The birefringence changes in the swollen QP-2.5-1 gel when compressed in the radial direction. (a, b) Schematic illustrations of the compression and observations for the cylindrical gel (a) and disc gel (b). (c, d) Crossed polarizing micrographs of QP-2.5-1; the right columns are observed while using a tint plate. The related strain, ɛ, is noted in the figure. Reproduced with permission from Wu et al.42
A mechanism for the formation of cylindrically symmetric structures in hydrogels is proposed in Figure 8.42 The precursor solution is isotropic. After photopolymerization, the outer region has higher polymerization kinetics, and the polymerized polycations interact with PBDT to form a semi-rigid polyion complex. Owing to the interfacial interaction of the complex and glass tube, the polyion complexes align perpendicularly with the glass wall to form a radial structure in the outer region.62, 63, 64 Polymerization in the inner part of the glass tube is retarded due to the significant ultraviolet absorbance of the PBDT, leading to the heterogeneous polymerization, concentration gradient and diffusion of cationic monomers and polycations.42, 65, 66 Monomer diffusion induces the polyion complex to orient perpendicular to the diffusion direction and form the concentric and axial alignments in the inner region (the latter is not shown in Figure 8). The self-organized PBDT structures are frozen by the cross-linking reaction, resulting in polymeric hydrogels with cylindrically symmetric structures up to a macroscopic scale.

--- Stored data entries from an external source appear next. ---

lemma lie_subalgebra_br: "lie_subalgebra scale br U \<Longrightarrow> x \<in> U \<Longrightarrow> y \<in> U \<Longrightarrow> br x y \<in> U"
  unfolding lie_subalgebra_def by simp

lemma lie_ideal_subspace: "lie_ideal scale br I \<Longrightarrow> subspace I"
  unfolding lie_ideal_def by simp

lemma lie_ideal_br_left: "lie_ideal scale br I \<Longrightarrow> y \<in> I \<Longrightarrow> br x y \<in> I"
  unfolding lie_ideal_def by simp

lemma lie_ideal_br_right: "lie_ideal scale br I \<Longrightarrow> x \<in> I \<Longrightarrow> br x y \<in> I"
  by (metis br_anticomm lie_ideal_br_left lie_ideal_subspace subspace_neg)

lemma lie_ideal_Int: "lie_ideal scale br I \<Longrightarrow> lie_ideal scale br J \<Longrightarrow> lie_ideal scale br (I \<inter> J)"
  unfolding lie_ideal_def by (auto intro: subspace_inter)

lemma lie_ideal_if_stable:
  assumes "subspace W" and "\<forall>x. \<exists>p\<in>P. \<exists>q\<in>Q. x = p + q"
    and "\<And>p w. p \<in> P \<Longrightarrow> w \<in> W \<Longrightarrow> br p w \<in> W"
    and "\<And>q w. q \<in> Q \<Longrightarrow> w \<in> W \<Longrightarrow> br q w \<in> W"
  shows "lie_ideal scale br W"
  unfolding lie_ideal_def
proof (intro conjI allI ballI)
  fix x w assume "w \<in> W"
  moreover obtain p q where "p \<in> P" "q \<in> Q" "x = p + q"
    using assms(2) by blast
  ultimately show "br x w \<in> W"
    using assms(1,3,4) by (simp add: br_add_left subspace_add)
qed (fact assms(1))

lemma lie_ideal_Int_subalgebra:
  assumes I: "lie_ideal scale br I" and U: "lie_subalgebra scale br U"
    and sum: "\<forall>x. \<exists>p\<in>P. \<exists>u\<in>U. x = p + u"
    and P: "\<And>p w. p \<in> P \<Longrightarrow> w \<in> I \<Longrightarrow> br p w = 0"
  shows "lie_ideal scale br (I \<inter> U)"
proof (rule lie_ideal_if_stable[OF _ sum])
  have "subspace I" "subspace U"
    using I U lie_ideal_subspace lie_subalgebra_subspace by blast+
  then show "subspace (I \<inter> U)"
    by (rule subspace_inter)
  show "br p w \<in> I \<inter> U" if "p \<in> P" "w \<in> I \<inter> U" for p w
    using that P[of p w] subspace_0[OF \<open>subspace I\<close>] subspace_0[OF \<open>subspace U\<close>] by simp
  show "br u w \<in> I \<inter> U" if "u \<in> U" "w \<in> I \<inter> U" for u w
    using that lie_subalgebra_br[OF U] lie_ideal_br_left[OF I] by blast
qed

lemma centralizer_br_left: "c \<in> centralizer br B \<Longrightarrow> b \<in> B \<Longrightarrow> br c b = 0"
  unfolding centralizer_def by simp

lemma centralizer_br_right: "c \<in> centralizer br B \<Longrightarrow> b \<in> B \<Longrightarrow> br b c = 0"
  using br_eq_zero_commute centralizer_br_left by blast

lemma subspace_centralizer: "subspace (centralizer br B)"
  unfolding subspace_def centralizer_def by (simp add: br_add_left br_scale_left)

lemma lie_ideal_centralizer:
  assumes "lie_ideal scale br B"
  shows "lie_ideal scale br (centralizer br B)"
  unfolding lie_ideal_def
proof (intro conjI allI ballI)
  fix x y assume y: "y \<in> centralizer br B"
  show "br x y \<in> centralizer br B"
    unfolding centralizer_def
  proof (intro CollectI ballI)
    fix b assume b: "b \<in> B"
    have "br y (br b x) = 0" "br y b = 0"
      using y b lie_ideal_br_right[OF assms b] by (simp_all add: centralizer_br_left)
    then have "br b (br x y) = 0"
      using jacobi[of x y b] by simp
    then show "br (br x y) b = 0"
      by (simp add: br_eq_zero_commute)
  qed
qed (fact subspace_centralizer)
(* Let $\bm{Z}=(Z_1,\ldots,Z_n)^T\in\{0,1\}^n$ with both treatment groups nonempty, and let $\bm{X}\in\mathbb{R}^{n\times p}$ be a covariate matrix whose first column is the all-ones vector, with rows $\bm{X}_1,\ldots,\bm{X}_n$. Let $\sigma^2>0$, $\rho^2\ge 0$, let $\bm{S}$ be an $n\times n$ symmetric positive semidefinite matrix with orthonormal eigenvectors $\bm{v}_1,\ldots,\bm{v}_n$ (where $v_{ki}$ denotes the $i$-th entry of $\bm{v}_k$) and corresponding eigenvalues $\lambda_1\ge\cdots\ge\lambda_n\ge 0$, and set $\bm{\Sigma}=\sigma^2\bm{I}_n+\rho^2\bm{S}$. Assume $\bm{X}^T\bm{\Sigma}^{-1}\bm{X}$ is invertible and $\bm{Z}^T\bm{\Sigma}^{-1}(\bm{I}_n-\bm{X}(\bm{X}^T\bm{\Sigma}^{-1}\bm{X})^{-1}\bm{X}^T\bm{\Sigma}^{-1})\bm{Z}\neq 0$. Consider the quadratic program $$\min_{\bm{w}\in\mathbb{R}^n}\Big\{\sigma^2\sum_{i=1}^n w_i^2+\rho^2\sum_{k=1}^n\lambda_k\Big(\sum_{i:Z_i=1}w_iv_{ki}-\sum_{i:Z_i=0}w_iv_{ki}\Big)^2\Big\}$$ subject to $\sum_{i:Z_i=1}w_i=\sum_{i:Z_i=0}w_i=1$ and $\sum_{i:Z_i=1}w_i\bm{X}_i=\sum_{i:Z_i=0}w_i\bm{X}_i$. Then the solution of this problem is $$\bm{w}=\bm{M}\,\frac{(\bm{I}_n-\bm{\Sigma}^{-1}\bm{X}(\bm{X}^T\bm{\Sigma}^{-1}\bm{X})^{-1}\bm{X}^T)\bm{\Sigma}^{-1}\bm{Z}}{\bm{Z}^T\bm{\Sigma}^{-1}(\bm{I}_n-\bm{X}(\bm{X}^T\bm{\Sigma}^{-1}\bm{X})^{-1}\bm{X}^T\bm{\Sigma}^{-1})\bm{Z}},$$ where $\bm{M}$ is diagonal with $M_{ii}=2Z_i-1$; i.e. it is the vector of implied weights of the GLS estimator $\hat\tau_{GLS}$ of the treatment coefficient.
   Context: The GLS estimator of $\tau$ in the model $\bm{Y}=\bm{X}\bm{\beta}+\tau\bm{Z}+\bm{\epsilon}$ with error covariance $\bm{\Sigma}$ is the last coordinate of $\big(\begin{pmatrix}\bm{X} & \bm{Z}\end{pmatrix}^T\bm{\Sigma}^{-1}\begin{pmatrix}\bm{X} & \bm{Z}\end{pmatrix}\big)^{-1}\begin{pmatrix}\bm{X} & \bm{Z}\end{pmatrix}^T\bm{\Sigma}^{-1}\bm{Y}$; its implied weights are the vector $\bm{w}$ above, in the sense that $\hat\tau_{GLS}=\sum_{Z_i=1}w_iY_i-\sum_{Z_i=0}w_iY_i$. *)

theory Defs
  imports "HOL-Analysis.Analysis"
begin

definition Sigma_mat :: "real \<Rightarrow> real \<Rightarrow> real^'n^'n \<Rightarrow> real^'n^'n" where
  "Sigma_mat s2 r2 S = s2 *\<^sub>R mat 1 + r2 *\<^sub>R S"

definition feasible_w :: "real^'n \<Rightarrow> real^'p^'n \<Rightarrow> real^'n \<Rightarrow> bool" where
  "feasible_w Z X w \<longleftrightarrow>
     (\<Sum>i | Z$i = 1. w$i) = 1 \<and> (\<Sum>i | Z$i = 0. w$i) = 1 \<and>
     (\<Sum>i | Z$i = 1. w$i *\<^sub>R X$i) = (\<Sum>i | Z$i = 0. w$i *\<^sub>R X$i)"

definition objective_w :: "real \<Rightarrow> real \<Rightarrow> ('n \<Rightarrow> real) \<Rightarrow> ('n \<Rightarrow> real^'n)
      \<Rightarrow> real^'n \<Rightarrow> real^'n \<Rightarrow> real" where
  "objective_w s2 r2 lam v Z w =
     s2 * (\<Sum>i\<in>UNIV. (w$i)^2) +
     r2 * (\<Sum>k\<in>UNIV. lam k *
        ((\<Sum>i | Z$i = 1. w$i * (v k)$i) - (\<Sum>i | Z$i = 0. w$i * (v k)$i))^2)"

definition gls_weights :: "real^'n^'n \<Rightarrow> real^'p^'n \<Rightarrow> real^'n \<Rightarrow> real^'n" where
  "gls_weights Sg X Z =
     (let Si = matrix_inv Sg;
          A = matrix_inv (transpose X ** Si ** X);
          M = (\<chi> i j. if i = j then 2 * Z$i - 1 else 0) :: real^'n^'n;
          num = (mat 1 - Si ** X ** A ** transpose X) ** Si *v Z;
          den = Z \<bullet> ((Si ** (mat 1 - X ** A ** transpose X ** Si)) *v Z)
      in (1 / den) *\<^sub>R (M *v num))"

definition design :: "real^'p^'n \<Rightarrow> real^'n \<Rightarrow> real^('p option)^'n" where
  "design X Z = (\<chi> i. \<chi> j. case j of None \<Rightarrow> Z$i | Some c \<Rightarrow> X$i$c)"

definition tau_gls :: "real^'n^'n \<Rightarrow> real^'p^'n \<Rightarrow> real^'n \<Rightarrow> real^'n \<Rightarrow> real" where
  "tau_gls Sg X Z Y =
     (let D = design X Z; Si = matrix_inv Sg
      in (matrix_inv (transpose D ** Si ** D) ** transpose D ** Si *v Y) $ None)"

end

theory Submission
  imports Defs
begin
text \<open>
  Zero-mean second-order scalar random variables are modelled as elements of a
  real inner product space 'h (an abstract L2 space), with covariance E[a b] = inner a b.
  Time indices of Z_N are 0..N-1 (the paper's 1..N shifted, arithmetic mod N); components are
  0..m-1.  An R^m-valued process on Z_N is a map x :: nat => nat => 'h, x t i being the i-th
  scalar component of x(t).
\<close>

definition stack :: "nat \<Rightarrow> (nat \<Rightarrow> nat \<Rightarrow> 'h) \<Rightarrow> nat \<Rightarrow> 'h" where
  "stack m x k = x (k div m) (k mod m)"

definition cross_cov :: "nat \<Rightarrow> (nat \<Rightarrow> nat \<Rightarrow> 'h::real_inner) \<Rightarrow> (nat \<Rightarrow> nat \<Rightarrow> 'h) \<Rightarrow> nat \<Rightarrow> nat \<Rightarrow> real" where
  "cross_cov m x z k l = inner (stack m x k) (stack m z l)"

definition cov :: "nat \<Rightarrow> (nat \<Rightarrow> nat \<Rightarrow> 'h::real_inner) \<Rightarrow> nat \<Rightarrow> nat \<Rightarrow> real" where
  "cov m x = cross_cov m x x"

definition symmetric_mat :: "nat \<Rightarrow> (nat \<Rightarrow> nat \<Rightarrow> real) \<Rightarrow> bool" where
  "symmetric_mat d A \<longleftrightarrow> (\<forall>k<d. \<forall>l<d. A k l = A l k)"

definition pos_def_mat :: "nat \<Rightarrow> (nat \<Rightarrow> nat \<Rightarrow> real) \<Rightarrow> bool" where
  "pos_def_mat d A \<longleftrightarrow>
     (\<forall>x::nat \<Rightarrow> real. (\<exists>k<d. x k \<noteq> 0) \<longrightarrow> (\<Sum>k<d. \<Sum>l<d. x k * A k l * x l) > 0)"

definition block_circulant :: "nat \<Rightarrow> nat \<Rightarrow> (nat \<Rightarrow> nat \<Rightarrow> real) \<Rightarrow> bool" where
  "block_circulant m N A \<longleftrightarrow>
     (\<forall>i<N. \<forall>j<N. \<forall>i'<N. \<forall>j'<N. (i + N - j) mod N = (i' + N - j') mod N \<longrightarrow>
        (\<forall>a<m. \<forall>b<m. A (i*m + a) (j*m + b) = A (i'*m + a) (j'*m + b)))"

definition banded :: "nat \<Rightarrow> nat \<Rightarrow> nat \<Rightarrow> (nat \<Rightarrow> nat \<Rightarrow> real) \<Rightarrow> bool" where
  "banded m N n A \<longleftrightarrow> block_circulant m N A \<and>
     (\<forall>i<N. \<forall>j<N. min ((i + N - j) mod N) ((j + N - i) mod N) > n \<longrightarrow>
        (\<forall>a<m. \<forall>b<m. A (i*m + a) (j*m + b) = 0))"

Mechanism for the formation of cylindrically symmetric structures during the photopolymerization of a cationic DMAPAA-Q monomer in the presence of semi-rigid polyanion PBDT serving as a dopant. The precursor solution is optically isotropic because CP<<CLC*. Owing to the strong ultraviolet (UV) absorbance of PBDT, the polymerization starts from the surface of the glass tube, and large amounts of polycations are produced in the outer region and interact with PBDT to form polyion complexes. These semi-rigid complexes favor long-range homeotropic alignment on the glass wall. Simultaneously, a concentration gradient along the radial direction is built up. Thus, the monomers diffuse from the inner region to the outer region. This monomer diffusion induces the polyion complex to orient perpendicular to the diffusion direction and form a concentric structure in the inner region. The various oriented structures are frozen by the subsequent cross-linking reaction. As a result, polymeric hydrogels with macroscopic cylindrical symmetric structures are formed. Reproduced with permission from Wu et al.42
Plate hydrogel with cubic-packed giant concentric domains
The cylindrical hydrogels discussed above were synthesized in a glass tube, and the cylindrically symmetric structure may be related to the geometry of the reaction cells. If a rectangular reaction cell is used and other conditions remain constant, is a gel with a macroscopically ordered structure still obtained? Interestingly, the resultant plate hydrogels have cubic-packed concentric domains sandwiched by two homeotropically aligned outer layers.44
The precursor solution was poured into reaction cells consisting of a pair of parallel glass plates with 1-mm silicone spacers (Figure 9a). The polymerization was induced by ultraviolet irradiation from the two sides of the reaction cell (Figure 9b). The synthesized plate gel, QP-1.5-1, incorporated 0.5 M NaCl in the precursor solution and was immersed in a large quantity of pure water for a week. The NaCl was incorporated during the polymerization to enhance the ionic strength of the solution and suppress phase separation; otherwise, the gel synthesized using 1.5 M DMAPAA-Q is turbid and shows weak birefringence.38, 39, 41, 42, 43, 44
A scheme for synthesizing a plate gel by photo-initiated polymerization. (a) The front view of the reaction cell, which consists of a pair of glass plates and a silicone spacer. (b) A lateral view of the reaction cell under ultraviolet (UV) irradiation from the two sides. Reproduced with permission from Wu et al.44
After the isotropic precursor solution is polymerized, the as-prepared gel shows strong birefringence. However, the birefringence is not homogeneous over the sample, and macroscopic Maltese cross occasionally exists.44 It is interesting that after immersing the as-prepared gel into pure water, many millimeter-scale Maltese crosses appear in a well-defined cubic packing that does not change when the sample is rotated (Figure 10a, upper image). The birefringent image observed using the tint plate (Figure 10a, lower image) indicates that the cubic-packed Maltese crosses correspond to the concentric orientation of PBDT or its polyion complex, as illustrated in Figure 10c (left illustration).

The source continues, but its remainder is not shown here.